The Future of the Extractive Industries Transparency Initiative
A position paper submitted by the full and alternate civil society members of the EITI International Board
The International Board of the Extractive Industries Transparency Initiative (EITI) will gather in Lusaka, Zambia on October 25-26, to make important decisions on the future scope and structure of the initiative.
The outcome of these discussions will determine whether the EITI remains the relevant international standard in natural resource transparency.
CSO position:
- The EITI standard should represent good practice in extractive sector transparency. Some companies are obstructing the reform of EITI, and use the weak nature of the current EITI standard to argue against effective transparency legislation in their home markets.2 EITI should not be manipulated in this manner, nor should this counter-transparency agenda be the one to determine the future scope of the initiative.

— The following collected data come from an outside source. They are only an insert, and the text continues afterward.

fun euler :: "('a::real_vector \<Rightarrow> ('p \<Rightarrow> 'b) \<Rightarrow> 'a) \<Rightarrow> ('p \<Rightarrow> 'a \<Rightarrow> 'b) \<Rightarrow> real \<Rightarrow> 'a \<Rightarrow> nat \<Rightarrow> 'a" where
  "euler g \<phi> h x0 0 = x0"
| "euler g \<phi> h x0 (Suc n) =
     euler g \<phi> h x0 n + h *\<^sub>R g (euler g \<phi> h x0 n) (\<lambda>j. \<phi> j (euler g \<phi> h x0 n))"

definition payoff_h ::
  "('a::real_vector \<Rightarrow> ('p \<Rightarrow> 'b) \<Rightarrow> 'a) \<Rightarrow> ('p \<Rightarrow> 'a \<Rightarrow> ('p \<Rightarrow> 'b) \<Rightarrow> real) \<Rightarrow> real
    \<Rightarrow> real \<Rightarrow> ('p \<Rightarrow> 'a \<Rightarrow> 'b) \<Rightarrow> 'p \<Rightarrow> 'a \<Rightarrow> real" where
  "payoff_h g f \<rho> h \<phi> i x0 =
     h * (\<Sum>n. (1 - \<rho> * h) ^ n * f i (euler g \<phi> h x0 n) (\<lambda>j. \<phi> j (euler g \<phi> h x0 n)))"

end

theory Submission
  imports Defs
begin

text \<open>Along the closed-loop dynamics the trajectory is an absolutely continuous solution of
  \<open>x' = G(x)\<close> with \<open>G\<close> Lipschitz on \<open>V\<close>; absolute continuity is exactly what turns the almost-everywhere
  differential equation into the integral equation \<open>x(t) - x(s) = \<integral>\<^sub>s\<^sup>t G(x)\<close>. On a bounded
  horizon \<open>[0, T]\<close> the Euler iterates therefore stay within \<open>O(h)\<close> of \<open>x(n h)\<close> (discrete Gronwall),
  so on each cell \<open>[n h, n h + h]\<close> both the running reward and the discount factor \<open>(1 - \<rho> h)\<^sup>n\<close>
  versus \<open>exp (- \<rho> t)\<close> differ by \<open>O(h)\<close>. Beyond \<open>T\<close> both payoffs are bounded by \<open>M exp (- \<rho> T) / \<rho>\<close>,
  so letting first \<open>h \<rightarrow> 0\<close> and then \<open>T \<rightarrow> \<infinity>\<close> gives the claim.\<close>

section \<open>Absolutely continuous functions\<close>

text \<open>\<open>Polynomial.content\<close> shadows the Henstock--Kurzweil \<open>content\<close> of intervals.\<close>

abbreviation interval_content :: "real set \<Rightarrow> real"
  where "interval_content \<equiv> Henstock_Kurzweil_Integration.content"

lemma abs_continuous_onD_finite:
  fixes x :: "real \<Rightarrow> 'a::real_normed_vector"
  assumes "abs_continuous_on S x" "e > 0"
  obtains \<delta> where "\<delta> > 0"
    "\<And>P a b. finite P \<Longrightarrow> (\<forall>k\<in>P. a k \<le> b k \<and> a k \<in> S \<and> b k \<in> S) \<Longrightarrow>
       (\<forall>k\<in>P. \<forall>l\<in>P. k \<noteq> l \<longrightarrow> b k \<le> a l \<or> b l \<le> a k) \<Longrightarrow> (\<Sum>k\<in>P. b k - a k) < \<delta> \<Longrightarrow>
       (\<Sum>k\<in>P. norm (x (b k) - x (a k))) < e"
proof -
  obtain \<delta> where "\<delta> > 0" and \<delta>: "\<And>n (a::nat\<Rightarrow>real) b.
      (\<forall>k<n. a k \<le> b k \<and> a k \<in> S \<and> b k \<in> S) \<and>
      (\<forall>k<n. \<forall>l<n. k \<noteq> l \<longrightarrow> b k \<le> a l \<or> b l \<le> a k) \<and> (\<Sum>k<n. b k - a k) < \<delta>
      \<Longrightarrow> (\<Sum>k<n. norm (x (b k) - x (a k))) < e"
    using assms unfolding abs_continuous_on_def by blast
  show ?thesis
  proof (rule that[OF \<open>\<delta> > 0\<close>])
    fix P and a b :: "_ \<Rightarrow> real"
    assume "finite P" and ab: "\<forall>k\<in>P. a k \<le> b k \<and> a k \<in> S \<and> b k \<in> S"
      and disj: "\<forall>k\<in>P. \<forall>l\<in>P. k \<noteq> l \<longrightarrow> b k \<le> a l \<or> b l \<le> a k"
      and small: "(\<Sum>k\<in>P. b k - a k) < \<delta>"
    obtain h where h: "bij_betw h {..<card P} P"
      using ex_bij_betw_nat_finite[OF \<open>finite P\<close>] by (auto simp: atLeast0LessThan)
    have reindex: "(\<Sum>k<card P. c (h k)) = (\<Sum>k\<in>P. c k)" for c :: "_ \<Rightarrow> real"
      using sum.reindex_bij_betw[OF h] .
    have hP: "h k \<in> P" if "k < card P" for k
      using h that by (auto dest: bij_betwE)
    have "(\<Sum>k<card P. norm (x (b (h k)) - x (a (h k)))) < e"
    proof (rule \<delta>, intro conjI allI impI)
      fix k assume "k < card P"
      then show "a (h k) \<le> b (h k)" "a (h k) \<in> S" "b (h k) \<in> S"
        using ab hP by auto
    next
      fix k l assume "k < card P" "l < card P" "k \<noteq> l"
      then have "h k \<noteq> h l"
        using h by (auto simp: bij_betw_def inj_on_def)
      then show "b (h k) \<le> a (h l) \<or> b (h l) \<le> a (h k)"
        using disj hP \<open>k < card P\<close> \<open>l < card P\<close> by blast
    next
      show "(\<Sum>k<card P. b (h k) - a (h k)) < \<delta>"
        using small reindex[of "\<lambda>k. b k - a k"] by simp
    qed
    then show "(\<Sum>k\<in>P. norm (x (b k) - x (a k))) < e"
      using reindex[of "\<lambda>k. norm (x (b k) - x (a k))"] by simp
  qed
qed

- The revised EITI standard must incorporate current good practice in natural resource transparency. For EITI to leverage gains in natural resource governance, it must compel continued progress in participating countries. Civil society groups in 60 countries have clearly called for an expansion in the EITI scope.3 Specifically, the following disclosures (included as options in EITI Board paper 21-2-A4which will form the basis of the Lusaka discussions) should be required (not encouraged):
- Transfers to subnational governments: Many producing regions or communities receive resource revenue transfers from the central government. These transfers can be overwhelmingly large, volatile, finite, and the subject of political tension. Transparency of statutory transfers will inform citizens in producing regions (often those most affected by extraction) and provide a basis for accountability and dialogue on the use of these funds.
- Revenue reporting by project: With project-level disaggregation, citizens and host communities can assess whether their governments collect a fair return, track their entitlements and examine how that money is used. Project reporting is established good practice: the US Securities and Exchange Commission requires it from US-listed oil, gas and mining companies, and it is included in proposed EU legislation. On 11 October 2012, the UK’s Deputy Prime Minister Nick Clegg committed the UK to pushing for European legislation through the revised Transparency and Accounting Directives that would match section 1504 of the US Dodd-Frank Act, thus voicing UK government support for project-by-project reporting.5 EITI implementing countries Indonesia, Zambia, Mali, Burkina-Faso and Timor-Leste have all incorporated, either explicitly or implicitly, information about individual projects into their EITI reporting.
- Licenses and license holders: Citizens of resource-rich countries are entitled to know whichcompanies have been awarded rights to exploit their natural resources and on what basis. The publication of the registers of licenses and license holders, including beneficial ownership, offers a feasible and relatively low-cost way to discourage corruption and encourage due process. Transparency must also extend to the processes by which licenses are allocated to companies for extractive rights
- Contract disclosure: Citizens and parliaments need access to contracts in order to interpret revenue data, assess the project’s net return, and monitor whether companies are fulfilling their obligations (e.g. social and environmental provisions) over time. Contracts determine the terms by which a company can gain access to a public natural resource. As a public resource, citizens should have the right to see those contacts. Contract transparency is feasible and spreading worldwide,6 and EITI should advance this trend.
- The publication of electronic data. The use of EITI-generated information will increase if countries release a set of standardized revenue data that reflects prevailing global data standards. EITI data should be made available online in an electronic and interactive data format in line with international best practice.